→ YOUR TASK: From the data that follows, report the number of lines including "shows", and only that number.

[Start of Attachment]

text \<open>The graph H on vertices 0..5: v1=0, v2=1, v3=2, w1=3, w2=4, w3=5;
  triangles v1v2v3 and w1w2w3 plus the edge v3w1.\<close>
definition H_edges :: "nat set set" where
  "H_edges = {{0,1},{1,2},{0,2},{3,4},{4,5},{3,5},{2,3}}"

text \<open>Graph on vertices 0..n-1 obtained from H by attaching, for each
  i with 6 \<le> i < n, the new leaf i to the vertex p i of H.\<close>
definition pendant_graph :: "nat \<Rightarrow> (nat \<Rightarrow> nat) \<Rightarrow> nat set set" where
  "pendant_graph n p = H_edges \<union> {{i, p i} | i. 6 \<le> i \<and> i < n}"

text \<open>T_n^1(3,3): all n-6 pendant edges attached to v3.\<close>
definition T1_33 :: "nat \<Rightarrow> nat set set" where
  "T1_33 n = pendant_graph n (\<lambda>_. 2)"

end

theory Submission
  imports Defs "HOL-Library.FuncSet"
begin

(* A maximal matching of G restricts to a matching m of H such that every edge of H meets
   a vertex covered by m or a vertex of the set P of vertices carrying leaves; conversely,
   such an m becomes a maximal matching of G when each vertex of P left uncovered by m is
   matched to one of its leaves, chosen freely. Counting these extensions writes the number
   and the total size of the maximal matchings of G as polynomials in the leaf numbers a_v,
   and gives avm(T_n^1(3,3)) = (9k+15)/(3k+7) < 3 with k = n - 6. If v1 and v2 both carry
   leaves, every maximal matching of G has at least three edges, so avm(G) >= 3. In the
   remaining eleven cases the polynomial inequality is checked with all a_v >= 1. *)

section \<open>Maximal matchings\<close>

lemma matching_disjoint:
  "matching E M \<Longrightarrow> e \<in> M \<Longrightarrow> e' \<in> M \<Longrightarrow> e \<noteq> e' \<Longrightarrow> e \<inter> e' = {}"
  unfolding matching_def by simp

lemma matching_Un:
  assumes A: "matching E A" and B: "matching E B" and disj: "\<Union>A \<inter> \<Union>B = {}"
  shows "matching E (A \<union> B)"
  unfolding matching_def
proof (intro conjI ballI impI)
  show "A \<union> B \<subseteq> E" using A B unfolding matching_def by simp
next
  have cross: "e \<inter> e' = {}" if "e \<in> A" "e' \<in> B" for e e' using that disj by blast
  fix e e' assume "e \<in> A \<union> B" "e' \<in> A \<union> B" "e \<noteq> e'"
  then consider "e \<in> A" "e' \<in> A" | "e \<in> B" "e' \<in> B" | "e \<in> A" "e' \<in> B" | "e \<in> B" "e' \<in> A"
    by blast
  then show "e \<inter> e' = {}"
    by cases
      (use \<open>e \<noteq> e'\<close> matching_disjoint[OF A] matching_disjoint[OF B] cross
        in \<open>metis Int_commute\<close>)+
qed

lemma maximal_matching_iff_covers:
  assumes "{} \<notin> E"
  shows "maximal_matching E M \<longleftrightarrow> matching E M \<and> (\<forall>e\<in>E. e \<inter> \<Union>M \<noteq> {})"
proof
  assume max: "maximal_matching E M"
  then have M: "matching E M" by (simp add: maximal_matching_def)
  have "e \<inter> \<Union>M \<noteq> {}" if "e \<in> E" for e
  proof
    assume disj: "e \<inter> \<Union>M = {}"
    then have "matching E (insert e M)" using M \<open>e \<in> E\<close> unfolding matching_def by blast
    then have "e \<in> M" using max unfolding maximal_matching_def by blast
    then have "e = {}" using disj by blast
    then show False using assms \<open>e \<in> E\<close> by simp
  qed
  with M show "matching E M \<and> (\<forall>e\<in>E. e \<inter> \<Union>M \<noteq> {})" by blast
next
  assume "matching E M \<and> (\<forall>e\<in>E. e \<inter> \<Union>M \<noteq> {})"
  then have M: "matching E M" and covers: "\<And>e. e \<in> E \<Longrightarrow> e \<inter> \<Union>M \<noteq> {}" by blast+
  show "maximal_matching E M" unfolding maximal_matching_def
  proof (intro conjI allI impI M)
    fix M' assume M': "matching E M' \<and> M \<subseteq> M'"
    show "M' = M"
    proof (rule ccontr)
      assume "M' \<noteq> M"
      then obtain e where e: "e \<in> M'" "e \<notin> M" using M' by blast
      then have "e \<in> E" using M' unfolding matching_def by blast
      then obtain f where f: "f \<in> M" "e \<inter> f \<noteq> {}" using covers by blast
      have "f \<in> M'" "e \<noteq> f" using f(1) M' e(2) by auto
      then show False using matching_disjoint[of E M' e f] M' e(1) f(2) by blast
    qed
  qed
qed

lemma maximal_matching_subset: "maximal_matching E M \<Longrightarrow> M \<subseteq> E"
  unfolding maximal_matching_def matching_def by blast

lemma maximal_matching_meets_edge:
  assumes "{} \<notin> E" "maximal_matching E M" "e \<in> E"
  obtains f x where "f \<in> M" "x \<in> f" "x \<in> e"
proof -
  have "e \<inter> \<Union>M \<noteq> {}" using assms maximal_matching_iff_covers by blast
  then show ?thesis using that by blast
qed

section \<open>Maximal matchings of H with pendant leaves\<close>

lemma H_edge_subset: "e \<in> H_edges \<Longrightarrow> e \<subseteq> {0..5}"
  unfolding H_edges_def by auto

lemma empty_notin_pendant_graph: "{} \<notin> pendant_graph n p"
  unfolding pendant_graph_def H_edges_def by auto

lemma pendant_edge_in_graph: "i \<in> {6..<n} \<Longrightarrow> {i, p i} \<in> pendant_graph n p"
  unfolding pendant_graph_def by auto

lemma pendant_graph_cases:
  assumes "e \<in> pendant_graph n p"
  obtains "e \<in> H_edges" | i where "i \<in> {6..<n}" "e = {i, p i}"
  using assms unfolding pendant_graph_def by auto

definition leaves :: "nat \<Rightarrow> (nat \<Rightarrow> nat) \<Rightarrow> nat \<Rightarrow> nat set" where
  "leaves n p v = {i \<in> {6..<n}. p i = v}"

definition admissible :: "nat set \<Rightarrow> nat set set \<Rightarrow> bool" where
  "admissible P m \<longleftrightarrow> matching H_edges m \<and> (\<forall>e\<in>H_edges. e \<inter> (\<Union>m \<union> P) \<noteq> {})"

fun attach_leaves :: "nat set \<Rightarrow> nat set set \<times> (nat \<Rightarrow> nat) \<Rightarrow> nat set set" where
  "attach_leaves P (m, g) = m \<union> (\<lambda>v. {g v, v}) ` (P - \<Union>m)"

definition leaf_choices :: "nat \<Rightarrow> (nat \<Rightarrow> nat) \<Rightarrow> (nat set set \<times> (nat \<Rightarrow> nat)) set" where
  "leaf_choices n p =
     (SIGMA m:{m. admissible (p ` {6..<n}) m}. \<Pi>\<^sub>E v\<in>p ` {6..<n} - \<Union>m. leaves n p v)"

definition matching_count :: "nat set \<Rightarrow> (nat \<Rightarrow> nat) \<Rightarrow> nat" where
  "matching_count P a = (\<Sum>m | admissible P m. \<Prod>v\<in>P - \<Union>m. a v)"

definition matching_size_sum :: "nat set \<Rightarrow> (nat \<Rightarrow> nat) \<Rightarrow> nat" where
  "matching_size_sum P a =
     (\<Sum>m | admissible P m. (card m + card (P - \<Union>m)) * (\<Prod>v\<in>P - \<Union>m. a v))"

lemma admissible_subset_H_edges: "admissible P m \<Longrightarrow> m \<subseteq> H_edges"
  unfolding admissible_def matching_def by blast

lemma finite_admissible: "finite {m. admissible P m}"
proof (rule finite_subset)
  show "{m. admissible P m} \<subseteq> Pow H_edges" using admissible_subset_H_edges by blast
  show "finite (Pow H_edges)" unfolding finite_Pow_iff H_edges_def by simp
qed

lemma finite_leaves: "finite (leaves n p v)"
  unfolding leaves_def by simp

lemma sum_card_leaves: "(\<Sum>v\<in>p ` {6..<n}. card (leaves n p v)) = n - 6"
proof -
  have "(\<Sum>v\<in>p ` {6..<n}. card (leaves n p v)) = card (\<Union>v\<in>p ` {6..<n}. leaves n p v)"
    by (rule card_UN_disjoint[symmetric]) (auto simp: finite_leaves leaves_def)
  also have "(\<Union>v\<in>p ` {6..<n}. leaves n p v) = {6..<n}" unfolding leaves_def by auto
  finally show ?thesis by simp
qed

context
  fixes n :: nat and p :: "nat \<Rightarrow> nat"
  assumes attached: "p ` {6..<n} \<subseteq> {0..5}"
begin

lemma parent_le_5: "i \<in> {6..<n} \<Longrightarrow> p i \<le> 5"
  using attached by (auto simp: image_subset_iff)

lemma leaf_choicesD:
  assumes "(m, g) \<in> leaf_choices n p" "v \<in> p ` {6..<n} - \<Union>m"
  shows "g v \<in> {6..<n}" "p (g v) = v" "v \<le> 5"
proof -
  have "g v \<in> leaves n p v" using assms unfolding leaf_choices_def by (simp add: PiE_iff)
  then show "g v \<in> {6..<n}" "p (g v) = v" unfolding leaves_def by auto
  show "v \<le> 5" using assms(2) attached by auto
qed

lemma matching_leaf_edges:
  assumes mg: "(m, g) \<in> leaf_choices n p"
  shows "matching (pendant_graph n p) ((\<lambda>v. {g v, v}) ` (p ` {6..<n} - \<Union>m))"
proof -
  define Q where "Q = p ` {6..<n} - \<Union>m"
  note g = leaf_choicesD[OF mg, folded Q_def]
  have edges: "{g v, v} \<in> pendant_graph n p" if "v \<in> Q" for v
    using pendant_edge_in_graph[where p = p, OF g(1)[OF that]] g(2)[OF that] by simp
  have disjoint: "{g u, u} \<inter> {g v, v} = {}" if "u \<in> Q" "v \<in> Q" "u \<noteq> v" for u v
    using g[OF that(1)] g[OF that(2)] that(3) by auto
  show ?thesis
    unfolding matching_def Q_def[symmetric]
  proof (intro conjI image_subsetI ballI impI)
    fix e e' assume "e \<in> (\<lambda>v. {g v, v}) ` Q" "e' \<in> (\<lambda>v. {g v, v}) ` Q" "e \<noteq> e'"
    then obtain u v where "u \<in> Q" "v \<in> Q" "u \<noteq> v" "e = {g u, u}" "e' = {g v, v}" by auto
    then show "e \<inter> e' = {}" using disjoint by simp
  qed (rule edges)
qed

[End of Attachment]

→ SOLUTION TO THE EXERCISE: 4